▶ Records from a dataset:
text \<open>\<Phi>_\<eta>(x,t); the point x itself is included so that \<Phi>_0(x,t) is the Birkhoff integral
  along x (standard convention; for \<eta> > 0 x already lies in the Bowen ball).\<close>
definition Phi :: "(real \<Rightarrow> 'a::metric_space \<Rightarrow> 'a) \<Rightarrow> ('a \<Rightarrow> real) \<Rightarrow> real \<Rightarrow> 'a \<Rightarrow> real \<Rightarrow> real" where
  "Phi f \<phi> \<eta> x t = (SUP y \<in> insert x (bowen_ball f t x \<eta>). birkhoff_int f \<phi> y t)"

definition slice :: "('a \<times> real) set \<Rightarrow> real \<Rightarrow> 'a set" where
  "slice C t = {x. (x, t) \<in> C}"

definition Lambda :: "(real \<Rightarrow> 'a::metric_space \<Rightarrow> 'a) \<Rightarrow> ('a \<Rightarrow> real) \<Rightarrow> ('a \<times> real) set
    \<Rightarrow> real \<Rightarrow> real \<Rightarrow> real \<Rightarrow> real" where
  "Lambda f \<phi> C \<delta> \<eta> t = Sup {(\<Sum>x\<in>E. exp (Phi f \<phi> \<eta> x t)) | E.
      finite E \<and> E \<subseteq> slice C t \<and> separated f t \<delta> E}"

text \<open>Start time of the j-th orbit segment (0-indexed): sum_{i<j} t_i + sum_{i<j} tau_i.\<close>
definition seg_start :: "('a \<times> real) list \<Rightarrow> (nat \<Rightarrow> real) \<Rightarrow> nat \<Rightarrow> real" where
  "seg_start xs g j = (\<Sum>i<j. snd (xs ! i)) + (\<Sum>i<j. g i)"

▶ What needs to be done: From the records above, count the lines that contain "delta". Only the number should be written.

▶ Response: 2